A doctor is someone we are inherently expected to trust — is he not? Especially if said doctor quotes Scripture.
This was the case with Dr. Donald L. Cline, a fertility specialist in Indianapolis, Indiana, who particularly was wont to quoting Jeremiah 1:5: “Before I formed you in the womb I knew you, and before you were born I consecrated you.”
Other versions have it, “I knew you before I formed you in your mother’s womb.”
No matter, the point is that Dr. Cline, who belonged to what was described as a “cultish” evangelical church, is a convicted felon, accused of “fathering” 94 children by injecting their unsuspecting mothers with his own sperm, as opposed to that of a legitimate donor.
Was it some sort of perverse “kick”? Was he simply too lazy to gather it from a donor? Was he playing God? Was he trying to create an “Aryan” strain (they just about all had his tell-tale blue eyes)?
He wasn’t convicted of it — at the time, incredibly, there was no law against a doctor using his own sperm (there is now) — but was convicted of obstructing justice and surrendered his medical license. An elder in the church, which fervidly promoted large families, Dr. Cline never served prison time, fined $500 and given a suspended one-year sentence. To this day he moves freely about his hometown, active in community (and, one assumes, church) functions.
“[The offspring] keep in touch through a Facebook group,” said The Atlantic in 2019. “New siblings pop up in waves, timed perversely after holidays like Christmas or Mother’s Day or Father’s Day, when DNA tests are given as well-intentioned gifts.”

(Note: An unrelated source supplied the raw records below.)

lemma freely_independent_hom_image:
  assumes "group G" "group H" "h \<in> hom G H" "S \<subseteq> carrier G" "inj_on h S"
    and "freely_independent H (h ` S)"
  shows "freely_independent G S"
  unfolding freely_independent_def
proof (intro conjI allI impI notI assms(4))
  fix ws assume ws: "ws \<noteq> [] \<and> set ws \<subseteq> S \<times> UNIV \<and> reduced_word ws"
    and one: "word_eval G ws = \<one>\<^bsub>G\<^esub>"
  let ?hws = "map (\<lambda>(x, e). (h x, e)) ws"
  have "set ws \<subseteq> carrier G \<times> UNIV"
    using ws assms(4) by blast
  then have "word_eval H ?hws = h (word_eval G ws)"
    using word_eval_hom[OF assms(1-3)] by simp
  also have "\<dots> = \<one>\<^bsub>H\<^esub>"
    using one hom_one[OF assms(3,1,2)] by simp
  moreover have "reduced_word ?hws"
    using reduced_word_map[of ws S h id] ws assms(5) by simp
  moreover have "set ?hws \<subseteq> h ` S \<times> UNIV"
    using ws by auto
  ultimately show False
    using assms(6) ws by (auto simp: freely_independent_def)
qed

lemma word_eval_free_grp_letters:
  assumes "set ws \<subseteq> (\<lambda>k. [(k, s)]) ` {1..r} \<times> UNIV"
  shows "word_eval (free_grp r) ws = word_mult (map (\<lambda>(x, e). (fst (hd x), e = s)) ws) []"
  using assms
proof (induction ws)
  case (Cons a ws)
  then obtain k e where "a = ([(k, s)], e)" "k \<in> {1..r}" by auto
  with Cons show ?case
    by (auto simp: free_grp_inv_letter) (simp_all add: free_grp_def)
qed (simp add: free_grp_def)

lemma freely_independent_free_grp_letters:
  "freely_independent (free_grp r) ((\<lambda>k. [(k, s)]) ` {1..r})"
  unfolding freely_independent_def
proof (intro conjI allI impI)
  show "(\<lambda>k. [(k, s)]) ` {1..r} \<subseteq> carrier (free_grp r)"
    by (auto simp: free_grp_def)
next
  fix ws assume ws: "ws \<noteq> [] \<and> set ws \<subseteq> (\<lambda>k. [(k, s)]) ` {1..r} \<times> UNIV \<and> reduced_word ws"
  let ?w = "map (\<lambda>(x, e). (fst (hd x), e = s)) ws"
  have "inj_on (\<lambda>x. fst (hd x)) ((\<lambda>k. [(k, s)]) ` {1..r})" "inj (\<lambda>e. e = s)"
    by (auto simp: inj_on_def)
  then have "reduced_word ?w"
    using ws reduced_word_map by blast
  then have "word_eval (free_grp r) ws = ?w"
    using ws word_eval_free_grp_letters word_mult_reduced_Nil by metis
  then show "word_eval (free_grp r) ws \<noteq> \<one>\<^bsub>free_grp r\<^esub>"
    using ws by (simp add: free_grp_def)
qed

section \<open>The kernel K and the elements x\<close>

lemma group_FP: "group (FP n r)"
  by (simp add: FP_def group_free_grp)
(* Let $(P,\le,A_1\ldots A_k)$ be a regular poset, let $t\in[3,k]$, and suppose $A_t$ is inserted between two antichains $A_p\sqsubset A_s$ that are consecutive in $(\{A_1,\dots,A_{t-1}\},\sqsubseteq)$ (so that $A_p\sqsubset A_t\sqsubset A_s$ are consecutive in $(\{A_1,\dots,A_t\},\sqsubseteq)$). Then for every node $M$ of $(A_p,A_t,<)$ or of $(A_t,A_s,<)$ there is a unique node $N$ of $(A_p,A_s,<)$ such that $\mathrm{Int}(M)\subset\mathrm{Int}(N)$.
   Context: Let $(P,\le)$ be a finite poset of width $w$. For $A\subseteq P$ let $A{\uparrow}=\{y\in P: x\le y\text{ for some }x\in A\}$ and $A{\downarrow}=\{y\in P: y\le x\text{ for some }x\in A\}$. For maximal antichains $A,B$ write $A\sqsubseteq B$ if $A\subseteq B{\downarrow}$, and $A\sqsubset B$ if also $A\ne B$. For disjoint antichains $A\sqsubset B$, $(A,B,<)$ denotes the bipartite graph with classes $A,B$ and an edge $(a<b)$ for each $a\in A$, $b\in B$ with $a<b$; it is regular if every edge lies in some perfect matching. A regular poset is a triple $(P,\le,A_1\ldots A_k)$ where $A_1,\dots,A_k$ are maximum antichains of $P$ such that: they partition $P$; $(\{A_1,\dots,A_k\},\sqsubseteq)$ is a linear order with minimum $A_1$ and maximum $A_2$; $a<b$ for all $a\in A_1$, $b\in A_2$; and for every $t\in[2,k]$ and every two antichains $A_p\sqsubset A_s$ consecutive in $(\{A_1,\dots,A_t\},\sqsubseteq)$, the bipartite graph $(A_p,A_s,<)$ is regular. For two such consecutive antichains $A_p\sqsubset A_s$, a node of $(A_p,A_s,<)$ is a bipartite graph $(X,Y,<)$ with $X\subseteq A_p$, $Y\subseteq A_s$ and $X\cup Y$ the vertex set of a connected component of $(A_p,A_s,<)$. For a node $N=(X,Y,<)$, $\mathrm{Int}(N)=X{\uparrow}\cap Y{\downarrow}$. *)

theory Defs
  imports Main
begin

text \<open>Finite posets are represented as a finite carrier P :: 'a set inside a type
  'a of class order; the order of the poset is the restriction of the type order.\<close>

definition antichain :: "'a::order set \<Rightarrow> bool" where
  "antichain A \<longleftrightarrow> (\<forall>x\<in>A. \<forall>y\<in>A. x \<le> y \<longrightarrow> x = y)"

definition width :: "'a::order set \<Rightarrow> nat" where
  "width P = Max {card A | A. A \<subseteq> P \<and> antichain A}"

definition maximum_antichain :: "'a::order set \<Rightarrow> 'a set \<Rightarrow> bool" where
  "maximum_antichain P A \<longleftrightarrow> A \<subseteq> P \<and> antichain A \<and> card A = width P"

definition up_set :: "'a::order set \<Rightarrow> 'a set \<Rightarrow> 'a set" where
  "up_set P A = {y\<in>P. \<exists>x\<in>A. x \<le> y}"

definition down_set :: "'a::order set \<Rightarrow> 'a set \<Rightarrow> 'a set" where
  "down_set P A = {y\<in>P. \<exists>x\<in>A. y \<le> x}"

definition ac_le :: "'a::order set \<Rightarrow> 'a set \<Rightarrow> 'a set \<Rightarrow> bool" where
  "ac_le P A B \<longleftrightarrow> A \<subseteq> down_set P B"

definition ac_less :: "'a::order set \<Rightarrow> 'a set \<Rightarrow> 'a set \<Rightarrow> bool" where
  "ac_less P A B \<longleftrightarrow> ac_le P A B \<and> A \<noteq> B"

definition bip_edges :: "'a::order set \<Rightarrow> 'a set \<Rightarrow> ('a \<times> 'a) set" where
  "bip_edges A B = {(a,b). a \<in> A \<and> b \<in> B \<and> a < b}"

definition perfect_matching :: "'a::order set \<Rightarrow> 'a set \<Rightarrow> ('a \<times> 'a) set \<Rightarrow> bool" where
  "perfect_matching A B M \<longleftrightarrow> M \<subseteq> bip_edges A B
     \<and> (\<forall>a\<in>A. \<exists>!b. (a,b) \<in> M) \<and> (\<forall>b\<in>B. \<exists>!a. (a,b) \<in> M)"

definition regular_bip :: "'a::order set \<Rightarrow> 'a set \<Rightarrow> bool" where
  "regular_bip A B \<longleftrightarrow>
     (\<forall>e\<in>bip_edges A B. \<exists>M. perfect_matching A B M \<and> e \<in> M)"

definition bip_adj :: "'a::order set \<Rightarrow> 'a set \<Rightarrow> 'a \<Rightarrow> 'a \<Rightarrow> bool" where
  "bip_adj A B x y \<longleftrightarrow> (x, y) \<in> bip_edges A B \<or> (y, x) \<in> bip_edges A B"

definition bip_component :: "'a::order set \<Rightarrow> 'a set \<Rightarrow> 'a \<Rightarrow> 'a set" where
  "bip_component A B v = {u. (bip_adj A B)\<^sup>*\<^sup>* v u}"

definition is_node :: "'a::order set \<Rightarrow> 'a set \<Rightarrow> 'a set \<times> 'a set \<Rightarrow> bool" where
  "is_node A B N \<longleftrightarrow> (case N of (X, Y) \<Rightarrow> X \<subseteq> A \<and> Y \<subseteq> B \<and>
      (\<exists>v\<in>A \<union> B. X \<union> Y = bip_component A B v))"

definition Int_node :: "'a::order set \<Rightarrow> 'a set \<times> 'a set \<Rightarrow> 'a set" where
  "Int_node P N = (case N of (X, Y) \<Rightarrow> up_set P X \<inter> down_set P Y)"

definition consecutive :: "'a::order set \<Rightarrow> (nat \<Rightarrow> 'a set) \<Rightarrow> nat \<Rightarrow> nat \<Rightarrow> nat \<Rightarrow> bool" where
  "consecutive P A t p s \<longleftrightarrow> p \<in> {1..t} \<and> s \<in> {1..t} \<and> ac_less P (A p) (A s) \<and>
     \<not> (\<exists>q\<in>{1..t}. ac_less P (A p) (A q) \<and> ac_less P (A q) (A s))"

definition regular_poset :: "'a::order set \<Rightarrow> (nat \<Rightarrow> 'a set) \<Rightarrow> nat \<Rightarrow> bool" where
  "regular_poset P A k \<longleftrightarrow>
     finite P \<and>
     (\<forall>i\<in>{1..k}. maximum_antichain P (A i)) \<and>
     \<comment> \<open>partition of P\<close>
     (\<forall>i\<in>{1..k}. A i \<noteq> {}) \<and>
     (\<forall>i\<in>{1..k}. \<forall>j\<in>{1..k}. i \<noteq> j \<longrightarrow> A i \<inter> A j = {}) \<and>
     (\<Union>i\<in>{1..k}. A i) = P \<and>
     \<comment> \<open>linear order under \<sqsubseteq> with minimum A_1 and maximum A_2\<close>
     1 \<le> k \<and> 2 \<le> k \<and>
     (\<forall>i\<in>{1..k}. \<forall>j\<in>{1..k}. ac_le P (A i) (A j) \<or> ac_le P (A j) (A i)) \<and>
     (\<forall>i\<in>{1..k}. ac_le P (A 1) (A i) \<and> ac_le P (A i) (A 2)) \<and>
     (\<forall>a\<in>A 1. \<forall>b\<in>A 2. a < b) \<and>
     (\<forall>t\<in>{2..k}. \<forall>p s. consecutive P A t p s \<longrightarrow> regular_bip (A p) (A s))"

end

theory Submission
  imports Defs "HOL-Library.Dual_Ordered_Lattice"
begin

text \<open>Because A_p and A_t are maximum antichains with A_p \<sqsubset> A_t \<sqsubset> A_s, the
  graphs (A_p, A_t, <) and (A_t, A_s, <) have no isolated vertices. A path
  l < t > l' in (A_p, A_t, <) shortcuts to l < u > l' in (A_p, A_s, <) through any
  u \<in> A_s above t, so a node M of (A_p, A_t, <) lies inside one node N of
  (A_p, A_s, <) and Int(M) \<subseteq> Int(N); the inclusion is strict because the elements
  of A_s above M lie in Int(N) but not below A_t. Every lower vertex x of M lies in
  Int(M), and since A_p is an antichain, x \<in> Int(N') forces x \<in> N', which makes
  N unique. Nodes of (A_t, A_s, <) are handled by order duality.\<close>

definition bip_no_isolated :: "'a::order set \<Rightarrow> 'a set \<Rightarrow> bool" where
  "bip_no_isolated A B \<longleftrightarrow> (\<forall>a\<in>A. \<exists>b\<in>B. a < b) \<and> (\<forall>b\<in>B. \<exists>a\<in>A. a < b)"

definition node_of :: "'a::order set \<Rightarrow> 'a set \<Rightarrow> 'a \<Rightarrow> 'a set \<times> 'a set" where
  "node_of A B x = (bip_component A B x \<inter> A, bip_component A B x \<inter> B)"

lemma bip_no_isolated_trans:
  "bip_no_isolated A B \<Longrightarrow> bip_no_isolated B C \<Longrightarrow> bip_no_isolated A C"
  unfolding bip_no_isolated_def by (meson less_trans)

lemma bip_no_isolated_disjoint:
  assumes "antichain B" "bip_no_isolated A B"
  shows "A \<inter> B = {}"
  using assms unfolding antichain_def bip_no_isolated_def by (fastforce simp: less_le)

lemma bip_adj_sym: "bip_adj A B x y = bip_adj A B y x"
  by (auto simp: bip_adj_def)

lemma bip_component_self: "x \<in> bip_component A B x"
  by (simp add: bip_component_def)

lemma bip_component_step:
  "u \<in> bip_component A B v \<Longrightarrow> bip_adj A B u w \<Longrightarrow> w \<in> bip_component A B v"
  by (auto simp: bip_component_def)

lemma bip_component_eq:
  assumes "u \<in> bip_component A B v"
  shows "bip_component A B u = bip_component A B v"
proof -
  have "symp (bip_adj A B)\<^sup>*\<^sup>*"
    by (rule symp_rtranclp) (auto intro: sympI simp: bip_adj_sym)
  with assms show ?thesis
    unfolding bip_component_def by (auto dest: sympD intro: rtranclp_trans)
qed

lemma bip_component_subset:
  assumes "v \<in> A \<union> B"
  shows "bip_component A B v \<subseteq> A \<union> B"
proof
  fix u assume "u \<in> bip_component A B v"
  then have "(bip_adj A B)\<^sup>*\<^sup>* v u" by (simp add: bip_component_def)
  then show "u \<in> A \<union> B" using assms
    by (induction rule: rtranclp_induct) (auto simp: bip_adj_def bip_edges_def)
qed

lemma is_node_iff_node_of:
  assumes "A \<inter> B = {}" "bip_no_isolated A B"
  shows "is_node A B N \<longleftrightarrow> (\<exists>x\<in>A. N = node_of A B x)"
proof
  assume "is_node A B N"
  then obtain X Y v where N: "N = (X, Y)" "X \<subseteq> A" "Y \<subseteq> B" "v \<in> A \<union> B"
    and comp: "X \<union> Y = bip_component A B v"
    unfolding is_node_def by auto
  obtain x where x: "x \<in> A" "x \<in> bip_component A B v"
  proof (cases "v \<in> A")
    case False
    with N(4) assms(2) obtain x where "x \<in> A" "x < v" "v \<in> B"
      unfolding bip_no_isolated_def by blast
    then show ?thesis
      by (intro that[of x]) (auto intro: bip_component_step[OF bip_component_self]
          simp: bip_adj_def bip_edges_def)
  qed (auto intro: bip_component_self)
  have "X = bip_component A B x \<inter> A" "Y = bip_component A B x \<inter> B"
    using N(2,3) comp assms(1) bip_component_eq[OF x(2)] by blast+
  with x(1) N(1) show "\<exists>x\<in>A. N = node_of A B x"
    unfolding node_of_def by blast
next
  assume "\<exists>x\<in>A. N = node_of A B x"
  then show "is_node A B N"
    unfolding is_node_def node_of_def using bip_component_subset by blast
qed

lemma node_of_eq:
  "y \<in> bip_component A B x \<Longrightarrow> node_of A B y = node_of A B x"
  by (simp add: node_of_def bip_component_eq)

Lawsuits are pending. The doctor already has paid out $1.3 million to settle three such suits.
Purportedly his church had adopted the “Quiverfull Movement,” a theological position that “encourages followers to reproduce as prolifically as possible to meet God’s mandate to ‘be fruitful and multiply,’” reported Time (see Psalm 127: 3). Many of the children — who anything but consider Cline as their father — live within a mile radius of each other, and excruciatingly, not far from Cline himself.
The story is recounted in a current documentary on Netflix called “Our Father” and largely tells the story through the eyes of Jacoba Ballard, daughter of a former Cline patient. In 2014 Jacoba happened to review the results of an at-home DNA test (similar to Ancestry.com) that showed she had eight half-siblings.
Neither she nor her mother had ever heard of them.
It was her genealogical research that ultimately led to the obstetrician-gynecologist. And it was her obsession with knowing the truth that led Fox 59’s Angela Ganote, an intrepid local reporter, to expose this travesty.
In the documentary, Ganote claims the doctor tried to intimidate her, at one meeting openly wearing a gun. Others accused him of similar threats.
One after another, Jacoba turned up other brothers and sisters. As one might imagine, they were devastated by the news. Suddenly they weren’t who they thought they were. Suddenly, the men they thought were their fathers turned out to be biologically unrelated as they learned not only about the fertility treatments (many did not know) but also their paternal heredity.
An incredible story — and apparently not unique: Across North America have been cases where this has likewise happened, or where patients have been raped while undergoing treatment, often under anesthesia.
Not a pretty picture.
But the truth (and prayer: pray for all these offspring, as well as Cline) sets us free, and the truth is that we live in very topsy-turvy, unnerving times — unnerving except when we spend adequate time in communion with Jesus.